*PROBLEM REQUIREMENTS*: When a line below contains the word "Otimes", copy that line.
--
section \<open>Radial functions\<close>

lemma set_integral_Omega_fst:
  fixes f :: "real \<Rightarrow> 'a::{banach, second_countable_topology}"
  assumes int: "set_integrable lborel {1 / real n<..} f"
  shows "set_integrable lborel (Omega n) (\<lambda>p. f (fst p))"
    and "(LINT p:Omega n|lborel. f (fst p)) = (2 * pi) *\<^sub>R (LINT x:{1 / real n<..}|lborel. f x)"
proof -
  define g where "g x = indicator {1 / real n<..} x *\<^sub>R f x" for x
  have g_int: "integrable lborel g"
    using int unfolding set_integrable_def g_def .
  then have [measurable]: "g \<in> borel_measurable borel"
    by (simp add: borel_measurable_integrable)
  have split: "indicator (Omega n) p *\<^sub>R f (fst p) = indicator {0..<2*pi} (snd p) *\<^sub>R g (fst p)" for p
    by (cases p) (auto simp: Omega_def g_def split: split_indicator)
  have "(\<integral>\<^sup>+ p. ennreal (norm (indicator {0..<2*pi} (snd p) *\<^sub>R g (fst p))) \<partial>(lborel \<Otimes>\<^sub>M lborel))
      = (\<integral>\<^sup>+ x. \<integral>\<^sup>+ y. ennreal (norm (g x)) * indicator {0..<2*pi} y \<partial>lborel \<partial>lborel)"
    by (subst lborel.nn_integral_fst[symmetric]) (auto intro!: nn_integral_cong split: split_indicator)
  also have "\<dots> = (\<integral>\<^sup>+ x. ennreal (norm (g x)) \<partial>lborel) * ennreal (2 * pi)"
    by (simp add: nn_integral_cmult_indicator nn_integral_multc)
  also have "\<dots> < \<infinity>"
    using g_int by (simp add: integrable_iff_bounded ennreal_mult_less_top)
  finally have prod_int: "integrable (lborel \<Otimes>\<^sub>M lborel) (\<lambda>p. indicator {0..<2*pi} (snd p) *\<^sub>R g (fst p))"
    by (subst integrable_iff_bounded) auto
  then show "set_integrable lborel (Omega n) (\<lambda>p. f (fst p))"
    unfolding set_integrable_def split by (simp add: lborel_prod)
  have "(LINT p:Omega n|lborel. f (fst p)) = (\<integral>x. \<integral>y. indicator {0..<2*pi} y *\<^sub>R g x \<partial>lborel \<partial>lborel)"
    using lborel_pair.integral_fst'[OF prod_int]
    unfolding set_lebesgue_integral_def split by (simp add: lborel_prod)
  also have "\<dots> = (\<integral>x. (2 * pi) *\<^sub>R g x \<partial>lborel)"
    by simp
  also have "\<dots> = (2 * pi) *\<^sub>R (LINT x:{1 / real n<..}|lborel. f x)"
    unfolding set_lebesgue_integral_def g_def by (rule integral_scaleR_right)
  finally show "(LINT p:Omega n|lborel. f (fst p)) = (2 * pi) *\<^sub>R (LINT x:{1 / real n<..}|lborel. f x)" .
qed

lemma set_integral_greaterThan_dilate:
  fixes H :: "real \<Rightarrow> 'a::{banach, second_countable_topology}"
  assumes c: "c > 0" and int: "set_integrable lborel {1<..} (\<lambda>s. inverse s *\<^sub>R H s)"
  shows "set_integrable lborel {1 / c<..} (\<lambda>x. inverse x *\<^sub>R H (c * x))"
    and "(LINT x:{1 / c<..}|lborel. inverse x *\<^sub>R H (c * x)) = (LINT s:{1<..}|lborel. inverse s *\<^sub>R H s)"
proof -
  define h where "h s = indicator {1<..} s *\<^sub>R (inverse s *\<^sub>R H s)" for s
  have h_dilate: "indicator {1 / c<..} x *\<^sub>R (inverse x *\<^sub>R H (c * x)) = c *\<^sub>R h (0 + c * x)" for x
    using c by (auto simp: h_def field_simps split: split_indicator)
  have "integrable lborel h"
    using int unfolding set_integrable_def h_def .
  then have "integrable lborel (\<lambda>x. h (0 + c * x))"
    using c by (subst lborel_integrable_real_affine_iff) auto
  then show "set_integrable lborel {1 / c<..} (\<lambda>x. inverse x *\<^sub>R H (c * x))"
    unfolding set_integrable_def h_dilate by simp
  have "(LINT x:{1 / c<..}|lborel. inverse x *\<^sub>R H (c * x)) = (\<integral>x. c *\<^sub>R h (0 + c * x) \<partial>lborel)"
    unfolding set_lebesgue_integral_def h_dilate ..
  also have "\<dots> = c *\<^sub>R (\<integral>x. h (0 + c * x) \<partial>lborel)"
    by (rule integral_scaleR_right)
  also have "\<dots> = (\<integral>s. h s \<partial>lborel)"
    using lborel_integral_real_affine[of c h 0] c by simp
  finally show "(LINT x:{1 / c<..}|lborel. inverse x *\<^sub>R H (c * x)) = (LINT s:{1<..}|lborel. inverse s *\<^sub>R H s)"
    by (simp add: set_lebesgue_integral_def h_def)
qed

lemma set_integral_Omega_radial:
  fixes H :: "real \<Rightarrow> 'a::{banach, second_countable_topology}"
  assumes n: "n \<ge> 1" and int: "set_integrable lborel {1<..} (\<lambda>s. inverse s *\<^sub>R H s)"
  shows "set_integrable lborel (Omega n) (\<lambda>p. inverse \<bar>fst p\<bar> *\<^sub>R H (real n * fst p))"
    and "(LINT p:Omega n|lborel. inverse \<bar>fst p\<bar> *\<^sub>R H (real n * fst p))
           = (2 * pi) *\<^sub>R (LINT s:{1<..}|lborel. inverse s *\<^sub>R H s)"
proof -
  have pos: "real n > 0" using n by simp
  have eq: "inverse \<bar>x\<bar> *\<^sub>R H (real n * x) = inverse x *\<^sub>R H (real n * x)" if "x \<in> {1 / real n<..}" for x
  proof -
    have "x > 0" using that pos by (auto intro: less_trans[of 0 "1 / real n"])
    then show ?thesis by simp
  qed
  have int_x: "set_integrable lborel {1 / real n<..} (\<lambda>x. inverse \<bar>x\<bar> *\<^sub>R H (real n * x))"
    using set_integral_greaterThan_dilate(1)[OF pos int] by (subst set_integrable_cong[OF refl refl eq]) auto
  show "set_integrable lborel (Omega n) (\<lambda>p. inverse \<bar>fst p\<bar> *\<^sub>R H (real n * fst p))"
    using set_integral_Omega_fst(1)[OF int_x] by simp
  have "(LINT x:{1 / real n<..}|lborel. inverse \<bar>x\<bar> *\<^sub>R H (real n * x))
      = (LINT x:{1 / real n<..}|lborel. inverse x *\<^sub>R H (real n * x))"
    by (rule set_lebesgue_integral_cong) (use eq in auto)
  then show "(LINT p:Omega n|lborel. inverse \<bar>fst p\<bar> *\<^sub>R H (real n * fst p))
           = (2 * pi) *\<^sub>R (LINT s:{1<..}|lborel. inverse s *\<^sub>R H s)"
    using set_integral_Omega_fst(2)[OF int_x] set_integral_greaterThan_dilate(2)[OF pos int] by simp
qed

lemma divide_of_real_eq_scaleR: "z / complex_of_real t = inverse t *\<^sub>R z"
  by (simp add: scaleR_conv_of_real divide_inverse mult.commute of_real_inverse)

lemma complex_of_real_set_integrable_eq:
  "complex_set_integrable M A (\<lambda>x. complex_of_real (f x)) \<longleftrightarrow> set_integrable M A f"
proof -
  have "(\<lambda>x. indicator A x *\<^sub>R complex_of_real (f x)) = (\<lambda>x. complex_of_real (indicator A x *\<^sub>R f x))"
    by (auto split: split_indicator)
  then show ?thesis
    unfolding set_integrable_def by (simp only: complex_of_real_integrable_eq)
qed

lemma radial_in_L2:
  fixes \<phi> :: "real \<Rightarrow> complex"
  assumes n: "n \<ge> 1" and [measurable]: "\<phi> \<in> borel_measurable borel"
    and int: "set_integrable lborel {1<..} (\<lambda>s. (cmod (\<phi> s))\<^sup>2 / s)"
  shows "(\<lambda>p. \<phi> (real n * fst p)) \<in> L2 n"
proof -
  have "set_integrable lborel (Omega n) (\<lambda>p. inverse \<bar>fst p\<bar> *\<^sub>R (cmod (\<phi> (real n * fst p)))\<^sup>2)"
    using int by (intro set_integral_Omega_radial(1)[OF n]) (simp add: divide_inverse mult.commute)
  then have "(\<integral>\<^sup>+ p. ennreal (norm (indicator (Omega n) p *\<^sub>R (inverse \<bar>fst p\<bar> *\<^sub>R (cmod (\<phi> (real n * fst p)))\<^sup>2))) \<partial>lborel) < \<infinity>"
    unfolding set_integrable_def integrable_iff_bounded by simp
  moreover have "(\<integral>\<^sup>+ p. ennreal (norm (indicator (Omega n) p *\<^sub>R (inverse \<bar>fst p\<bar> *\<^sub>R (cmod (\<phi> (real n * fst p)))\<^sup>2))) \<partial>lborel)
      = l2_norm2 n (\<lambda>p. \<phi> (real n * fst p))"
    unfolding l2_norm2_def by (intro nn_integral_cong) (auto simp: divide_inverse mult.commute split: split_indicator)
  moreover have "(\<lambda>p. \<phi> (real n * fst p)) \<in> borel_measurable (lborel \<Otimes>\<^sub>M lborel)"
    by measurable
  ultimately show ?thesis
    by (simp add: L2_iff lborel_prod)
qed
--
*RESPONSE BELOW*:
  have "(\<integral>\<^sup>+ p. ennreal (norm (indicator {0..<2*pi} (snd p) *\<^sub>R g (fst p))) \<partial>(lborel \<Otimes>\<^sub>M lborel))
  finally have prod_int: "integrable (lborel \<Otimes>\<^sub>M lborel) (\<lambda>p. indicator {0..<2*pi} (snd p) *\<^sub>R g (fst p))"
  moreover have "(\<lambda>p. \<phi> (real n * fst p)) \<in> borel_measurable (lborel \<Otimes>\<^sub>M lborel)"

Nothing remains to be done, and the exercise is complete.